Histoire et système
Emmanuel le roy ladurie
En 1984, Annie Kriegel publia un livre intitulé « Le Système communiste mondial ». Celui-ci était le fruit d'une réflexion engagée, dès la fin des années 1970, dans le contexte de l'expansion maximale du communisme soviétique. À une interprétation de l'URSS qui considère le phénomène comme spécifiquement russe, Annie Kriegel répondait en proposant son analyse systémique : s'il émanait d'une matrice située en Russie et commandée par l'URSS, le communisme était fondamentalement un système mondial.

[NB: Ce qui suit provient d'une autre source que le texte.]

(* For every non-empty context $\Gamma$, every formula $A$ and every non-empty context $\Theta$: (i) $\varphi(\Gamma)\le A$ in the Tamari order if and only if $\Gamma\le A$ (with $A$ viewed as a one-element context) in the substitution order; and (ii) $\psi(A)\le\Theta$ in the substitution order if and only if $A\le\varphi(\Theta)$ in the Tamari order. That is, $\psi\dashv\varphi\dashv i$ form an adjoint triple between the poset of formulas and the poset of non-empty contexts, where $i$ sends $A$ to the one-element context $A$.
   Context: Formulas are built from atoms ($p,q,\dots$) by a binary product: every formula is an atom or $A\bullet B$. A context is a finite (possibly empty) list of formulas; commas denote concatenation. The sequent calculus has exactly four rules (no weakening, contraction or exchange): ($\bullet L$) from $A,B,\Delta\vdash C$ infer $A\bullet B,\Delta\vdash C$ (the product must be leftmost); ($\bullet R$) from $\Gamma\vdash A$ and $\Delta\vdash B$ infer $\Gamma,\Delta\vdash A\bullet B$; ($id$) $A\vdash A$; ($cut$) from $\Theta\vdash A$ and $\Gamma,A,\Delta\vdash B$ infer $\Gamma,\Theta,\Delta\vdash B$; derivable means conclusion of a finite derivation tree with no undischarged premises. The Tamari order $\le$ on formulas is the least preorder with $(A\bullet B)\bullet C\le A\bullet(B\bullet C)$ and $A_1\le A_2$, $B_1\le B_2$ implying $A_1\bullet B_1\le A_2\bullet B_2$. The substitution order on contexts is the least relation $\le$ such that: (1) if $\Gamma\vdash A$ is derivable then $\Gamma\le A$ (one-element context); (2) $\cdot\le\cdot$ for the empty context; (3) if $\Gamma_1\le\Gamma_2$ and $\Theta_1\le\Theta_2$ then $(\Gamma_1,\Theta_1)\le(\Gamma_2,\Theta_2)$. $\varphi$ is the left-associated product of a non-empty context: $\varphi(A)=A$, $\varphi(\Gamma,A)=\varphi(\Gamma)\bullet A$. $\psi$ is defined by $\psi(p)=p$ for atoms and $\psi(A\bullet B)=\psi(A),B$. *)

theory Defs
  imports Main
begin

datatype 'a fm = Atom 'a | Prod "'a fm" "'a fm"

inductive deriv :: "'a fm list \<Rightarrow> 'a fm \<Rightarrow> bool" where
  prodL: "deriv (A # B # \<Delta>) C \<Longrightarrow> deriv (Prod A B # \<Delta>) C"
| prodR: "deriv \<Gamma> A \<Longrightarrow> deriv \<Delta> B \<Longrightarrow> deriv (\<Gamma> @ \<Delta>) (Prod A B)"
| ident: "deriv [A] A"
| cut: "deriv \<Theta> A \<Longrightarrow> deriv (\<Gamma> @ [A] @ \<Delta>) B \<Longrightarrow> deriv (\<Gamma> @ \<Theta> @ \<Delta>) B"

inductive tam :: "'a fm \<Rightarrow> 'a fm \<Rightarrow> bool" where
  tam_refl: "tam A A"
| tam_trans: "tam A B \<Longrightarrow> tam B C \<Longrightarrow> tam A C"
| tam_assoc: "tam (Prod (Prod A B) C) (Prod A (Prod B C))"
| tam_mono: "tam A1 A2 \<Longrightarrow> tam B1 B2 \<Longrightarrow> tam (Prod A1 B1) (Prod A2 B2)"

inductive sub_le :: "'a fm list \<Rightarrow> 'a fm list \<Rightarrow> bool" where
  sub_deriv: "deriv \<Gamma> A \<Longrightarrow> sub_le \<Gamma> [A]"
| sub_nil: "sub_le [] []"
| sub_app: "sub_le \<Gamma>1 \<Gamma>2 \<Longrightarrow> sub_le \<Theta>1 \<Theta>2 \<Longrightarrow> sub_le (\<Gamma>1 @ \<Theta>1) (\<Gamma>2 @ \<Theta>2)"

text \<open>Left-associated product of a non-empty context (unspecified on the empty context).\<close>
fun phi :: "'a fm list \<Rightarrow> 'a fm" where
  "phi (A # \<Gamma>) = foldl Prod A \<Gamma>"

fun psi :: "'a fm \<Rightarrow> 'a fm list" where
  "psi (Atom p) = [Atom p]"
| "psi (Prod A B) = psi A @ [B]"

end

theory Submission
  imports Defs
begin

text \<open>
  Sequents and the Tamari order correspond via \<open>deriv \<Gamma> A \<longleftrightarrow> tam (phi \<Gamma>) A\<close>: every rule
  of the calculus is sound for the Tamari order once contexts are read as left-associated
  products (a product of a split context reassociates into the product of the two parts),
  and conversely each Tamari step is a one-premise derivation, while \<open>\<Gamma> \<turnstile> phi \<Gamma>\<close> always holds.
  Part (i) is this equivalence, since \<open>\<Gamma> \<le> [A]\<close> just means \<open>\<Gamma> \<turnstile> A\<close>. For part (ii),
  substitution-order inequalities can be plugged into derivations by cut, which makes the
  substitution order transitive; \<open>psi\<close> is monotone, \<open>phi (psi A) = A\<close> and
  \<open>psi (phi \<Theta>) \<le> \<Theta>\<close>, which gives the adjunction \<open>psi \<stileturn> phi\<close>.
\<close>

lemma deriv_nonempty: "deriv \<Gamma> A \<Longrightarrow> \<Gamma> \<noteq> []"
  by (induction rule: deriv.induct) auto

lemma phi_append: "\<Gamma> \<noteq> [] \<Longrightarrow> phi (\<Gamma> @ \<Delta>) = foldl Prod (phi \<Gamma>) \<Delta>"
  by (cases \<Gamma>) auto

lemma phi_snoc: "\<Gamma> \<noteq> [] \<Longrightarrow> phi (\<Gamma> @ [B]) = Prod (phi \<Gamma>) B"
  by (simp add: phi_append)


lemma tam_foldl_Prod_mono: "tam A B \<Longrightarrow> tam (foldl Prod A \<Delta>) (foldl Prod B \<Delta>)"
  by (induction \<Delta> arbitrary: A B) (auto intro: tam_mono tam_refl)

lemma tam_foldl_Prod_assoc: "tam (foldl Prod A (D # \<Delta>)) (Prod A (foldl Prod D \<Delta>))"
proof (induction \<Delta> rule: rev_induct)
  case Nil
  show ?case by (simp add: tam_refl)
next
  case (snoc E \<Delta>)
  have "tam (Prod (foldl Prod A (D # \<Delta>)) E) (Prod (Prod A (foldl Prod D \<Delta>)) E)"
    using snoc by (intro tam_mono tam_refl)
  then show ?case
    using tam_assoc tam_trans by fastforce
qed

lemma tam_phi_append:
  "\<Gamma> \<noteq> [] \<Longrightarrow> \<Delta> \<noteq> [] \<Longrightarrow> tam (phi (\<Gamma> @ \<Delta>)) (Prod (phi \<Gamma>) (phi \<Delta>))"
  using tam_foldl_Prod_assoc[of "phi \<Gamma>"] by (cases \<Delta>) (auto simp: phi_append)

lemma tam_phi_replace:
  assumes "tam A A'"
  shows "tam (phi (\<Gamma> @ [A] @ \<Delta>)) (phi (\<Gamma> @ [A'] @ \<Delta>))"
proof (cases "\<Gamma> = []")
  case True
  then show ?thesis
    using assms by (simp add: tam_foldl_Prod_mono)
next
  case False
  then show ?thesis
    using assms by (simp add: phi_append[of \<Gamma>] del: phi.simps)
      (intro tam_foldl_Prod_mono tam_mono tam_refl)
qed

lemma tam_phi_collapse:
  assumes "\<Theta> \<noteq> []"
  shows "tam (phi (\<Gamma> @ \<Theta> @ \<Delta>)) (phi (\<Gamma> @ [phi \<Theta>] @ \<Delta>))"
proof (cases "\<Gamma> = []")
  case True
  then show ?thesis
    using assms by (cases \<Theta>) (auto simp: tam_refl)
next
  case False
  have "phi (\<Gamma> @ \<Theta> @ \<Delta>) = foldl Prod (phi (\<Gamma> @ \<Theta>)) \<Delta>"
    using False by (metis append.assoc append_is_Nil_conv phi_append)
  moreover have "phi (\<Gamma> @ [phi \<Theta>] @ \<Delta>) = foldl Prod (Prod (phi \<Gamma>) (phi \<Theta>)) \<Delta>"
    using False by (metis append.assoc append_is_Nil_conv phi_append phi_snoc)
  ultimately show ?thesis
    using tam_phi_append[OF False assms] by (simp add: tam_foldl_Prod_mono)
qed


lemma deriv_imp_tam_phi: "deriv \<Gamma> A \<Longrightarrow> tam (phi \<Gamma>) A"
proof (induction rule: deriv.induct)
  case (prodL A B \<Delta> C)
  then show ?case by simp
next
  case (prodR \<Gamma> A \<Delta> B)
  then have "tam (phi (\<Gamma> @ \<Delta>)) (Prod (phi \<Gamma>) (phi \<Delta>))"
    by (intro tam_phi_append) (auto dest: deriv_nonempty)
  moreover have "tam (Prod (phi \<Gamma>) (phi \<Delta>)) (Prod A B)"
    using prodR by (intro tam_mono)
  ultimately show ?case by (rule tam_trans)
next
  case (ident A)
  show ?case by (simp add: tam_refl)
next
  case (cut \<Theta> A \<Gamma> \<Delta> B)
  then have "tam (phi (\<Gamma> @ \<Theta> @ \<Delta>)) (phi (\<Gamma> @ [phi \<Theta>] @ \<Delta>))"
    by (intro tam_phi_collapse) (auto dest: deriv_nonempty)
  moreover have "tam (phi (\<Gamma> @ [phi \<Theta>] @ \<Delta>)) (phi (\<Gamma> @ [A] @ \<Delta>))"
    using cut by (intro tam_phi_replace)
  ultimately show ?case
    using cut tam_trans by metis
qed

lemma deriv_single_trans: "deriv [A] B \<Longrightarrow> deriv [B] C \<Longrightarrow> deriv [A] C"
  using cut[of "[A]" B "[]" "[]" C] by simp

lemma tam_imp_deriv_single: "tam A B \<Longrightarrow> deriv [A] B"
proof (induction rule: tam.induct)
  case (tam_refl A)
  show ?case by (rule ident)
next
  case (tam_trans A B C)
  then show ?case by (blast intro: deriv_single_trans)
next
  case (tam_assoc A B C)
  have "deriv ([A] @ [B] @ [C]) (Prod A (Prod B C))"
    by (intro prodR ident)
  then have "deriv [Prod (Prod A B) C] (Prod A (Prod B C))"
    by (simp add: prodL)
  then show ?case .
next
  case (tam_mono A1 A2 B1 B2)
  then have "deriv ([A1] @ [B1]) (Prod A2 B2)"
    by (intro prodR)
  then show ?case by (simp add: prodL)
qed

lemma deriv_phi: "\<Gamma> \<noteq> [] \<Longrightarrow> deriv \<Gamma> (phi \<Gamma>)"
proof (induction \<Gamma> rule: rev_induct)
  case Nil
  then show ?case by simp
next
  case (snoc B \<Gamma>)
  show ?case
  proof (cases "\<Gamma> = []")
    case True
    then show ?thesis by (simp add: ident)
  next
    case False
    then have "deriv (\<Gamma> @ [B]) (Prod (phi \<Gamma>) B)"
      using snoc by (intro prodR ident) auto
    then show ?thesis
      using False by (simp add: phi_snoc del: phi.simps)
  qed
qed

lemma deriv_iff_tam_phi: "\<Gamma> \<noteq> [] \<Longrightarrow> deriv \<Gamma> A \<longleftrightarrow> tam (phi \<Gamma>) A"
  using deriv_imp_tam_phi deriv_phi tam_imp_deriv_single cut[of \<Gamma> "phi \<Gamma>" "[]" "[]" A]
  by fastforce


lemma sub_le_subst: "sub_le \<Gamma> \<Theta> \<Longrightarrow> deriv (\<Sigma> @ \<Theta> @ \<Delta>) C \<Longrightarrow> deriv (\<Sigma> @ \<Gamma> @ \<Delta>) C"
proof (induction arbitrary: \<Sigma> \<Delta> rule: sub_le.induct)
  case (sub_deriv \<Gamma> A)
  then show ?case using cut by fastforce
next
  case sub_nil
  then show ?case by simp
next
  case (sub_app \<Gamma>1 \<Gamma>2 \<Theta>1 \<Theta>2)
  have "deriv ((\<Sigma> @ \<Gamma>2) @ \<Theta>2 @ \<Delta>) C"
    using sub_app.prems by simp
  then have "deriv (\<Sigma> @ \<Gamma>2 @ (\<Theta>1 @ \<Delta>)) C"
    using sub_app.IH(2) by fastforce
  then have "deriv (\<Sigma> @ \<Gamma>1 @ (\<Theta>1 @ \<Delta>)) C"
    by (rule sub_app.IH(1))
  then show ?case by simp
qed

lemma sub_le_single_iff: "sub_le \<Gamma> [A] \<longleftrightarrow> deriv \<Gamma> A"
  using sub_le_subst[of \<Gamma> "[A]" "[]" "[]" A] ident[of A] sub_deriv by auto

lemma sub_le_imp_deriv_phi: "sub_le \<Gamma> \<Theta> \<Longrightarrow> \<Theta> \<noteq> [] \<Longrightarrow> deriv \<Gamma> (phi \<Theta>)"
  using sub_le_subst[of \<Gamma> \<Theta> "[]" "[]" "phi \<Theta>"] deriv_phi[of \<Theta>] by simp

lemma sub_le_Nil_right: "sub_le \<Gamma> [] \<Longrightarrow> \<Gamma> = []"
  by (induction \<Gamma> "[] :: 'a fm list" rule: sub_le.induct) auto

lemma sub_le_refl: "sub_le \<Gamma> \<Gamma>"
proof (induction \<Gamma>)
  case Nil
  show ?case by (rule sub_nil)
next
  case (Cons A \<Gamma>)
  have "sub_le ([A] @ \<Gamma>) ([A] @ \<Gamma>)"
    by (intro sub_app sub_deriv ident Cons)
  then show ?case by simp
qed

lemma sub_le_append_rightE:
  assumes "sub_le \<Gamma> (\<Theta>1 @ \<Theta>2)"
  obtains \<Gamma>1 \<Gamma>2 where "\<Gamma> = \<Gamma>1 @ \<Gamma>2" "sub_le \<Gamma>1 \<Theta>1" "sub_le \<Gamma>2 \<Theta>2"
  using assms
proof (induction \<Gamma> "\<Theta>1 @ \<Theta>2" arbitrary: \<Theta>1 \<Theta>2 thesis rule: sub_le.induct)
  case (sub_deriv \<Gamma> A)
  then have "\<Theta>1 = [] \<and> \<Theta>2 = [A] \<or> \<Theta>1 = [A] \<and> \<Theta>2 = []"
    by (cases \<Theta>1) auto
  then show ?case
    using sub_deriv.prems sub_le.sub_deriv[OF sub_deriv.hyps(1)] sub_nil
    by (metis append.left_neutral append_Nil2)
next
  case sub_nil
  then show ?case using sub_le.sub_nil by auto
next
  case (sub_app \<Gamma>1 \<Gamma>2 \<Sigma>1 \<Sigma>2)
  from sub_app.hyps(5) obtain us where
    "\<Gamma>2 = \<Theta>1 @ us \<and> us @ \<Sigma>2 = \<Theta>2 \<or> \<Theta>1 = \<Gamma>2 @ us \<and> \<Sigma>2 = us @ \<Theta>2"
    by (auto simp: append_eq_append_conv2)
  then show ?case
  proof
    assume split: "\<Gamma>2 = \<Theta>1 @ us \<and> us @ \<Sigma>2 = \<Theta>2"
    obtain \<Xi>1 \<Xi>2 where "\<Gamma>1 = \<Xi>1 @ \<Xi>2" "sub_le \<Xi>1 \<Theta>1" "sub_le \<Xi>2 us"
      using sub_app.hyps(2) split by blast
    then show ?thesis
      using split sub_app.hyps(3) sub_app.prems sub_le.sub_app by (metis append.assoc)
  next
    assume split: "\<Theta>1 = \<Gamma>2 @ us \<and> \<Sigma>2 = us @ \<Theta>2"
    obtain \<Xi>1 \<Xi>2 where "\<Sigma>1 = \<Xi>1 @ \<Xi>2" "sub_le \<Xi>1 us" "sub_le \<Xi>2 \<Theta>2"
      using sub_app.hyps(4) split by blast
    then show ?thesis
      using split sub_app.hyps(1) sub_app.prems sub_le.sub_app by (metis append.assoc)
  qed
qed

lemma sub_le_trans:
  assumes "sub_le \<Gamma> \<Delta>" and "sub_le \<Delta> \<Theta>"
  shows "sub_le \<Gamma> \<Theta>"
  using assms(2,1)
proof (induction arbitrary: \<Gamma> rule: sub_le.induct)
  case (sub_deriv \<Delta> A)
  then show ?case
    using sub_le_subst[of \<Gamma> \<Delta> "[]" "[]" A] sub_le.sub_deriv by simp
next
  case sub_nil
  then show ?case
    using sub_le_Nil_right sub_le.sub_nil by blast
next
  case (sub_app \<Delta>1 \<Theta>1 \<Delta>2 \<Theta>2)
  obtain \<Gamma>1 \<Gamma>2 where "\<Gamma> = \<Gamma>1 @ \<Gamma>2" "sub_le \<Gamma>1 \<Delta>1" "sub_le \<Gamma>2 \<Delta>2"
    using sub_app.prems by (rule sub_le_append_rightE)
  then show ?case
    using sub_app.IH by (simp add: sub_le.sub_app)
qed


lemma psi_nonempty: "psi A \<noteq> []"
  by (induction A) auto

lemma phi_psi: "phi (psi A) = A"
  by (induction A) (auto simp: phi_snoc psi_nonempty)

lemma psi_mono: "tam A B \<Longrightarrow> sub_le (psi A) (psi B)"
proof (induction rule: tam.induct)
  case (tam_refl A)
  show ?case by (rule sub_le_refl)
next
  case (tam_trans A B C)
  then show ?case by (blast intro: sub_le_trans)
next
  case (tam_assoc A B C)
  have "sub_le ([B] @ [C]) [Prod B C]"
    by (intro sub_deriv prodR ident)
  then have "sub_le (psi A @ [B, C]) (psi A @ [Prod B C])"
    by (intro sub_app sub_le_refl) simp
  then show ?case by simp
next
  case (tam_mono A1 A2 B1 B2)
  then have "sub_le [B1] [B2]"
    by (intro sub_deriv tam_imp_deriv_single)
  then show ?case
    using tam_mono by (simp add: sub_app)
qed

lemma psi_phi_le: "\<Theta> \<noteq> [] \<Longrightarrow> sub_le (psi (phi \<Theta>)) \<Theta>"
proof (induction \<Theta> rule: rev_induct)
  case Nil
  then show ?case by simp
next
  case (snoc B \<Theta>)
  show ?case
  proof (cases "\<Theta> = []")
    case True
    have "sub_le (psi B) [B]"
      by (simp add: sub_le_single_iff deriv_iff_tam_phi psi_nonempty phi_psi tam_refl)
    then show ?thesis using True by simp
  next
    case False
    then have "sub_le (psi (phi \<Theta>) @ [B]) (\<Theta> @ [B])"
      using snoc by (intro sub_app sub_le_refl) auto
    then show ?thesis
      using False by (simp add: phi_snoc del: phi.simps)
  qed
qed

theorem proposition2p7:
  fixes \<Gamma> \<Theta> :: "'a fm list" and A :: "'a fm"
  assumes "\<Gamma> \<noteq> []" and "\<Theta> \<noteq> []"
  shows "(tam (phi \<Gamma>) A \<longleftrightarrow> sub_le \<Gamma> [A]) \<and> (sub_le (psi A) \<Theta> \<longleftrightarrow> tam A (phi \<Theta>))"
proof
  show "tam (phi \<Gamma>) A \<longleftrightarrow> sub_le \<Gamma> [A]"
    using assms(1) by (simp add: sub_le_single_iff deriv_iff_tam_phi)
  show "sub_le (psi A) \<Theta> \<longleftrightarrow> tam A (phi \<Theta>)"
  proof
    assume "sub_le (psi A) \<Theta>"
    then have "deriv (psi A) (phi \<Theta>)"
      using assms(2) by (rule sub_le_imp_deriv_phi)
    then show "tam A (phi \<Theta>)"
      using deriv_imp_tam_phi phi_psi by metis
  next
    assume "tam A (phi \<Theta>)"
    then show "sub_le (psi A) \<Theta>"
      using psi_mono psi_phi_le assms(2) sub_le_trans by blast
  qed
qed

end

Vingt-cinq ans plus tard, des historiens se réapproprient la méthode et remettent sur l'établi la notion de système appliquée à l'histoire politique. Comment distinguer l'empire du système ? La synthèse proposée est éclairante, des logiques communes apparaissent, qu'il s'agisse des Bourbons, de l'Empire napoléonien ou même de la démocratie parlementaire. De véritables projets politiques d'envergure sont mis en oeuvre afin de s'assurer une légitimité internationale fondée sur la puissance, la conquête ou les alliances. Construits soit avec patience, soit dans l'urgence du temps, ces projets constituent pourtant autant d'essais politiques infortunés. Mais, à la lecture des contributions, on distingue nettement que la structure est fragile. Selon le temps et le métabolisme politique, la source de la fragilité est soit dans la matrice soit dans la périphérie. Cette différence névralgique, c'est bien ce qui distingue « le système » de « l'empire ». Ce colloque, auquel ont contribué, entre autres, Emmanuel Le Roy Ladurie, Jean-Christian Petitfils, Thierry Lentz, Jean-Jacques Becker, Stéphane Courtois, Gilles Le Béguec, aura permis d'en faire l'utile démonstration.
--
In 1984, Annie Kriegel published a book entitled ‘Le Système communiste mondial'. It was the fruit of a militant reflection at the end of the 1970s, when Soviet communism was at the height of its expansion. Annie Kriegel countered the Russian interpretation of the USSR as a specifically Russian phenomenon by proposing her own systemic analysis: communism may have emanated from a model situated in Russia and directed by the USSR, but it was, fundamentally, a global system. Twenty-five years later, historians have adopted that method and are once more considering the notion of a system applied to political history. How can we distinguish the empire from the system? The synthesis presented here is enlightening common traits appear whether we focus on the Bourbons, the Napoleonic Empire or even parliamentary democracy. Authentic and ambitious political projects are constructed to ensure international legitimacy founded on power, conquest and alliances. They may be constructed with patience or in the urgency of time, but these projects nevertheless represent so many unsuccessful political endeavours. But as we read these contributions, we can clearly see that the structure is fragile. Depending on the period and the political metabolism, the source of the fragility resides either in the matrix itself or the periphery. That key difference is exactly what distinguishes the ‘system' from the ‘empire'. This colloquium, which includes contributions from Emmanuel Le Roy Ladurie, Jean-Christian Petitfils, Thierry Lentz, Jean-Jacques Becker, Stéphane Courtois and Gilles Le Béguec among others, provided an opportunity to make this useful demonstration.